The EC2 instances access Amazon S3 through an S3 gateway endpoint that has the default access policy. Each EC2 instance uses an instance profile role that allows s3:GetObject and s3:PutObject only for required S3 buckets.

The company learns that one or more EC2 instances are compromised and are exfiltrating data to an S3 bucket that isoutside the company’s AWS Organization. The processing job must continue to function.

Which solution will meet these requirements?

Options:

A.  

Update the policy on the S3 gateway endpoint to allow S3 actions only if aws:ResourceOrgId and aws:PrincipalOrgId match the company’s organization.

B.  

Update the instance profile role policy to require aws:ResourceOrgId.

C.  

Add a network ACL rule to block outbound traffic on port 443.

D.  

Apply an SCP that restricts S3 actions using organization condition keys.

Discussion 0
Question # 29

A company is using Amazon EC2 instances to host an application in a private subnet in a VP

C.  

The application needs to use AWS KMS.

What is the MOST secure way for a security engineer to meet this requirement?

Options:

A.  

Attach an internet gateway to the VP

C.  

Move the EC2 instances to a public subnet. Use the internet gateway to connect to AWS KMS.

B.  

Create a gateway VPC endpoint. Use the endpoint to connect to AWS KMS.

C.  

Attach a NAT gateway to the VP

C.  

Leave the EC2 instances in the private subnet. Use the NAT gateway to connect to AWS KMS.

D.  

Create an interface VPC endpoint. Use the endpoint to connect to AWS KMS.

Discussion 0
Question # 30

A company has an encrypted Amazon Aurora DB cluster in the us-east-1 Region that uses an AWS KMS customer managed key. The company must copy a DB snapshot to the us-west-1 Region but cannot access the encryption key across Regions.

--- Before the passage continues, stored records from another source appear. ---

(* Let $d\ge 2$ and let $n$ be an integer with $1\le n<d$. Let $\{|\psi_k\rangle\}_{k=1}^{d^2}$ be a complete orthonormal basis of $\mathbb{C}^d\otimes\mathbb{C}^d$ consisting of maximally entangled states. Regard $\mathbb{C}^d\otimes\mathbb{C}^d$ as the subspace of $\mathbb{C}^d\otimes\mathbb{C}^{d+n}$ spanned by $|i\rangle|j\rangle$ with $0\le i,j\le d-1$ (where $\{|j\rangle\}_{j=0}^{d+n-1}$ is an orthonormal basis of $\mathbb{C}^{d+n}$). Then $\{|\psi_k\rangle\}_{k=1}^{d^2}$ is an unextendible maximally entangled basis of $\mathbb{C}^d\otimes\mathbb{C}^{d+n}$.
   Context: In $\mathbb{C}^{d_1}\otimes\mathbb{C}^{d_2}$ with $d_1\le d_2$, a pure state is maximally entangled if it has $d_1$ nonzero Schmidt coefficients, all equal (to $1/\sqrt{d_1}$). An unextendible maximally entangled basis (UMEB) of $\mathbb{C}^{d_1}\otimes\mathbb{C}^{d_2}$ is a set of mutually orthogonal maximally entangled states spanning a proper subspace of $\mathbb{C}^{d_1}\otimes\mathbb{C}^{d_2}$ such that the orthogonal complement of this span contains no maximally entangled state. *)

theory Defs
  imports Complex_Main
begin

text \<open>An element of C^d1 (x) C^d2 is represented by its coefficient function
  psi i j = coefficient of |i>|j>, with i < d1, j < d2; coefficients outside
  this range are required to vanish.  In particular C^d (x) C^d, embedded into
  C^d (x) C^(d+n) as the span of |i>|j> with i,j < d, is literally a subset.\<close>

type_synonym bistate = "nat \<Rightarrow> nat \<Rightarrow> complex"

definition in_space :: "nat \<Rightarrow> nat \<Rightarrow> bistate \<Rightarrow> bool" where
  "in_space d1 d2 \<psi> \<longleftrightarrow> (\<forall>i j. (d1 \<le> i \<or> d2 \<le> j) \<longrightarrow> \<psi> i j = 0)"

definition space :: "nat \<Rightarrow> nat \<Rightarrow> bistate set" where
  "space d1 d2 = {\<psi>. in_space d1 d2 \<psi>}"

definition ip :: "nat \<Rightarrow> nat \<Rightarrow> bistate \<Rightarrow> bistate \<Rightarrow> complex" where
  "ip d1 d2 \<phi> \<psi> = (\<Sum>i<d1. \<Sum>j<d2. cnj (\<phi> i j) * \<psi> i j)"

definition orthonormal_fam :: "nat \<Rightarrow> nat \<Rightarrow> (nat \<Rightarrow> nat \<Rightarrow> complex) \<Rightarrow> bool" where
  "orthonormal_fam m r a \<longleftrightarrow>
     (\<forall>k<r. \<forall>l<r. (\<Sum>i<m. cnj (a k i) * a l i) = (if k = l then 1 else 0))"

text \<open>Maximally entangled (d1 \<le> d2): a Schmidt decomposition with d1 nonzero
  Schmidt coefficients, all equal to 1/sqrt d1.\<close>
definition max_ent :: "nat \<Rightarrow> nat \<Rightarrow> bistate \<Rightarrow> bool" where
  "max_ent d1 d2 \<psi> \<longleftrightarrow> d1 \<le> d2 \<and> in_space d1 d2 \<psi> \<and>
     (\<exists>a b. orthonormal_fam d1 d1 a \<and> orthonormal_fam d2 d1 b \<and>
        (\<forall>i<d1. \<forall>j<d2. \<psi> i j = (\<Sum>k<d1. complex_of_real (1 / sqrt (real d1)) * a k i * b k j)))"

definition span_fam :: "nat \<Rightarrow> (nat \<Rightarrow> bistate) \<Rightarrow> bistate set" where
  "span_fam m \<psi> = {\<phi>. \<exists>c. \<forall>i j. \<phi> i j = (\<Sum>k<m. c k * \<psi> k i j)}"

definition UMEB :: "nat \<Rightarrow> nat \<Rightarrow> nat \<Rightarrow> (nat \<Rightarrow> bistate) \<Rightarrow> bool" where
  "UMEB d1 d2 m \<psi> \<longleftrightarrow>
     (\<forall>k<m. max_ent d1 d2 (\<psi> k)) \<and>
     (\<forall>k<m. \<forall>l<m. k \<noteq> l \<longrightarrow> ip d1 d2 (\<psi> k) (\<psi> l) = 0) \<and>
     span_fam m \<psi> \<subset> space d1 d2 \<and>
     \<not> (\<exists>\<phi>. \<phi> \<in> space d1 d2 \<and> (\<forall>k<m. ip d1 d2 (\<psi> k) \<phi> = 0) \<and> max_ent d1 d2 \<phi>)"

end

theory Submission
  imports Defs
begin

text \<open>A maximally entangled state orthogonal to a basis of C^d (x) C^d vanishes on the d x d
  block, so its second Schmidt vectors are d orthonormal vectors of C^(d+n) supported on the
  last n coordinates.  By Bessel's inequality every coordinate contributes at most 1 to the
  total squared norm d of these vectors, whence d \<le> n.\<close>

lemma sum_cnj_mult_self:
  "(\<Sum>i\<in>A. cnj (z i) * z i) = complex_of_real (\<Sum>i\<in>A. (cmod (z i))\<^sup>2)"
  unfolding of_real_sum by (intro sum.cong refl) (subst complex_norm_square, simp add: mult.commute)

lemma orthonormal_fam_combination_ip:
  assumes "orthonormal_fam m r b"
  shows "(\<Sum>i<m. cnj (\<Sum>k<r. u k * b k i) * (\<Sum>l<r. v l * b l i)) = (\<Sum>k<r. cnj (u k) * v k)"
proof -
  have "(\<Sum>i<m. cnj (\<Sum>k<r. u k * b k i) * (\<Sum>l<r. v l * b l i))
      = (\<Sum>i<m. \<Sum>k<r. \<Sum>l<r. cnj (u k) * v l * (cnj (b k i) * b l i))"
    by (simp add: sum_distrib_left sum_distrib_right mult_ac)
  also have "\<dots> = (\<Sum>k<r. \<Sum>l<r. \<Sum>i<m. cnj (u k) * v l * (cnj (b k i) * b l i))"
    by (subst sum.swap) (rule sum.cong[OF refl], rule sum.swap)
  also have "\<dots> = (\<Sum>k<r. \<Sum>l<r. cnj (u k) * v l * (\<Sum>i<m. cnj (b k i) * b l i))"
    by (simp add: sum_distrib_left)
  also have "\<dots> = (\<Sum>k<r. \<Sum>l<r. if l = k then cnj (u k) * v l else 0)"
    using assms unfolding orthonormal_fam_def by (intro sum.cong refl) auto
  finally show ?thesis by simp
qed

lemma orthonormal_fam_bessel:
  assumes "orthonormal_fam m r b"
  shows "(\<Sum>k<r. (cmod (\<Sum>i<m. cnj (b k i) * x i))\<^sup>2) \<le> (\<Sum>i<m. (cmod (x i))\<^sup>2)"
proof -
  define c where "c k = (\<Sum>i<m. cnj (b k i) * x i)" for k
  define s where "s i = (\<Sum>k<r. c k * b k i)" for i
  \<comment> \<open>the orthogonal projection of x onto the span of the b k; the inequality is |x - s|^2 \<ge> 0\<close>
  define S where "S = (\<Sum>k<r. (cmod (c k))\<^sup>2)"
  have ss: "(\<Sum>i<m. cnj (s i) * s i) = of_real S"
    unfolding s_def S_def orthonormal_fam_combination_ip[OF assms] by (rule sum_cnj_mult_self)
  have xs: "(\<Sum>i<m. cnj (x i) * s i) = of_real S"
  proof -
    have "(\<Sum>i<m. cnj (x i) * s i) = (\<Sum>i<m. \<Sum>k<r. c k * (cnj (x i) * b k i))"
      unfolding s_def by (simp add: sum_distrib_left mult_ac)
    also have "\<dots> = (\<Sum>k<r. c k * (\<Sum>i<m. cnj (x i) * b k i))"
      by (subst sum.swap) (simp add: sum_distrib_left)
    also have "\<dots> = (\<Sum>k<r. cnj (c k) * c k)"
      unfolding c_def by (simp add: mult_ac)
    finally show ?thesis unfolding S_def sum_cnj_mult_self .
  qed
  have sx: "(\<Sum>i<m. cnj (s i) * x i) = of_real S"
  proof -
    have "(\<Sum>i<m. cnj (s i) * x i) = cnj (\<Sum>i<m. cnj (x i) * s i)"
      by (simp add: mult.commute)
    then show ?thesis using xs by simp
  qed
  have "complex_of_real (\<Sum>i<m. (cmod (x i - s i))\<^sup>2) = (\<Sum>i<m. cnj (x i - s i) * (x i - s i))"
    by (rule sum_cnj_mult_self[symmetric])
  also have "\<dots> = (\<Sum>i<m. cnj (x i) * x i) - (\<Sum>i<m. cnj (x i) * s i)
      - (\<Sum>i<m. cnj (s i) * x i) + (\<Sum>i<m. cnj (s i) * s i)"
    by (simp add: algebra_simps sum.distrib sum_subtractf)
  also have "\<dots> = of_real ((\<Sum>i<m. (cmod (x i))\<^sup>2) - S)"
    unfolding xs sx ss by (simp add: sum_cnj_mult_self)
  finally have "(\<Sum>i<m. (cmod (x i - s i))\<^sup>2) = (\<Sum>i<m. (cmod (x i))\<^sup>2) - S"
    using of_real_eq_iff by blast
  moreover have "0 \<le> (\<Sum>i<m. (cmod (x i - s i))\<^sup>2)"
    by (simp add: sum_nonneg)
  ultimately show ?thesis unfolding S_def c_def by linarith
qed

lemma orthonormal_fam_column_bound:
  assumes "orthonormal_fam m r b" and "j < m"
  shows "(\<Sum>k<r. (cmod (b k j))\<^sup>2) \<le> 1"
proof -
  define e where "e i = (if i = j then 1 else 0 :: complex)" for i
  have "(\<Sum>i<m. cnj (b k i) * e i) = (\<Sum>i<m. if i = j then cnj (b k i) else 0)" for k
    by (intro sum.cong) (auto simp: e_def)
  then have "(\<Sum>i<m. cnj (b k i) * e i) = cnj (b k j)" for k
    using assms(2) by simp
  moreover have "(\<Sum>i<m. (cmod (e i))\<^sup>2) = (\<Sum>i<m. if i = j then 1 else 0)"
    by (intro sum.cong) (auto simp: e_def)
  ultimately show ?thesis
    using orthonormal_fam_bessel[OF assms(1), of e] assms(2) by simp
qed

lemma orthonormal_fam_row_norm:
  assumes "orthonormal_fam m r b" and "k < r"
  shows "(\<Sum>j<m. (cmod (b k j))\<^sup>2) = 1"
  using assms sum_cnj_mult_self[of "b k" "{..<m}"] unfolding orthonormal_fam_def
  by (metis of_real_eq_1_iff)

lemma orthonormal_fam_vanishing_card_le:
  assumes on: "orthonormal_fam m r b" and zero: "\<And>k j. k < r \<Longrightarrow> j < p \<Longrightarrow> j < m \<Longrightarrow> b k j = 0"
  shows "r \<le> m - p"
proof -
  have row: "(\<Sum>j\<in>{p..<m}. (cmod (b k j))\<^sup>2) = 1" if "k < r" for k
  proof -
    have "(\<Sum>j\<in>{p..<m}. (cmod (b k j))\<^sup>2) = (\<Sum>j<m. (cmod (b k j))\<^sup>2)"
      by (rule sum.mono_neutral_left) (auto simp: zero that)
    then show ?thesis using orthonormal_fam_row_norm[OF on that] by simp
  qed
  have "real r = (\<Sum>k<r. \<Sum>j\<in>{p..<m}. (cmod (b k j))\<^sup>2)"
    using row by simp
  also have "\<dots> = (\<Sum>j\<in>{p..<m}. \<Sum>k<r. (cmod (b k j))\<^sup>2)"
    by (rule sum.swap)
  also have "\<dots> \<le> (\<Sum>j\<in>{p..<m}. 1)"
    by (intro sum_mono orthonormal_fam_column_bound[OF on]) auto
  finally show ?thesis by simp
qed

definition ket :: "nat \<Rightarrow> nat \<Rightarrow> bistate" where
  "ket i0 j0 = (\<lambda>i j. if i = i0 \<and> j = j0 then 1 else 0)"

lemma ket_in_space: "in_space d1 d2 (ket i0 j0) \<longleftrightarrow> i0 < d1 \<and> j0 < d2"
  by (auto simp: in_space_def ket_def)

lemma ip_ket_left:
  assumes "i0 < d1" and "j0 < d2"
  shows "ip d1 d2 (ket i0 j0) \<phi> = \<phi> i0 j0"
proof -
  have "ip d1 d2 (ket i0 j0) \<phi> = (\<Sum>i<d1. \<Sum>j<d2. if i = i0 \<and> j = j0 then \<phi> i j else 0)"
    unfolding ip_def by (intro sum.cong refl) (simp add: ket_def)
  also have "\<dots> = (\<Sum>i<d1. if i = i0 then \<phi> i j0 else 0)"
    using assms by (intro sum.cong refl) auto
  finally show ?thesis using assms by simp
qed

lemma ip_orthogonal_span:
  assumes "\<forall>k<m. ip d1 d2 (\<psi> k) \<phi> = 0" and "\<chi> \<in> span_fam m \<psi>"
  shows "ip d1 d2 \<chi> \<phi> = 0"
proof -
  from assms(2) obtain c where c: "\<And>i j. \<chi> i j = (\<Sum>k<m. c k * \<psi> k i j)"
    unfolding span_fam_def by blast
  have "ip d1 d2 \<chi> \<phi> = (\<Sum>i<d1. \<Sum>j<d2. \<Sum>k<m. cnj (c k) * (cnj (\<psi> k i j) * \<phi> i j))"
    unfolding ip_def c by (simp add: sum_distrib_right mult.assoc)
  also have "\<dots> = (\<Sum>k<m. \<Sum>i<d1. \<Sum>j<d2. cnj (c k) * (cnj (\<psi> k i j) * \<phi> i j))"
    by (subst sum.swap) (rule sum.cong[OF refl], rule sum.swap)
  also have "\<dots> = (\<Sum>k<m. cnj (c k) * ip d1 d2 (\<psi> k) \<phi>)"
    unfolding ip_def sum_distrib_left ..
  finally show ?thesis using assms(1) by simp
qed

lemma space_psubset:
  assumes "0 < d1" and "p < d2"
  shows "space d1 p \<subset> space d1 d2"
proof -
  have "space d1 p \<subseteq> space d1 d2"
    using assms(2) by (auto simp: space_def in_space_def)
  moreover have "ket 0 p \<in> space d1 d2 - space d1 p"
    using assms by (simp add: space_def ket_in_space)
  ultimately show ?thesis by blast
qed

lemma orthogonal_spanning_family_vanishes:
  assumes span: "span_fam m \<psi> = space d1 p" and "p \<le> d2"
    and orth: "\<forall>k<m. ip d1 d2 (\<psi> k) \<phi> = 0" and "i < d1" and "j < p"
  shows "\<phi> i j = 0"
proof -
  have "ket i j \<in> span_fam m \<psi>"
    using span assms(4,5) by (simp add: space_def ket_in_space)
  then have "ip d1 d2 (ket i j) \<phi> = 0"
    by (rule ip_orthogonal_span[OF orth])
  then show ?thesis using ip_ket_left[of i d1 j d2 \<phi>] assms(2,4,5) by simp
qed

What should the company do to properly encrypt the snapshot in us-west-1?

Options:

A.  

Store the customer managed key in AWS Secrets Manager in us-west-1.

B.  

Create a new customer managed key in us-west-1 and use it to encrypt the snapshot.

C.  

Create an IAM policy to allow access to the key in us-east-1 from us-west-1.

D.  

Create an IAM policy that allows RDS in us-west-1 to access the key in us-east-1.

Discussion 0
Get SCS-C03 dumps and pass your exam in 24 hours!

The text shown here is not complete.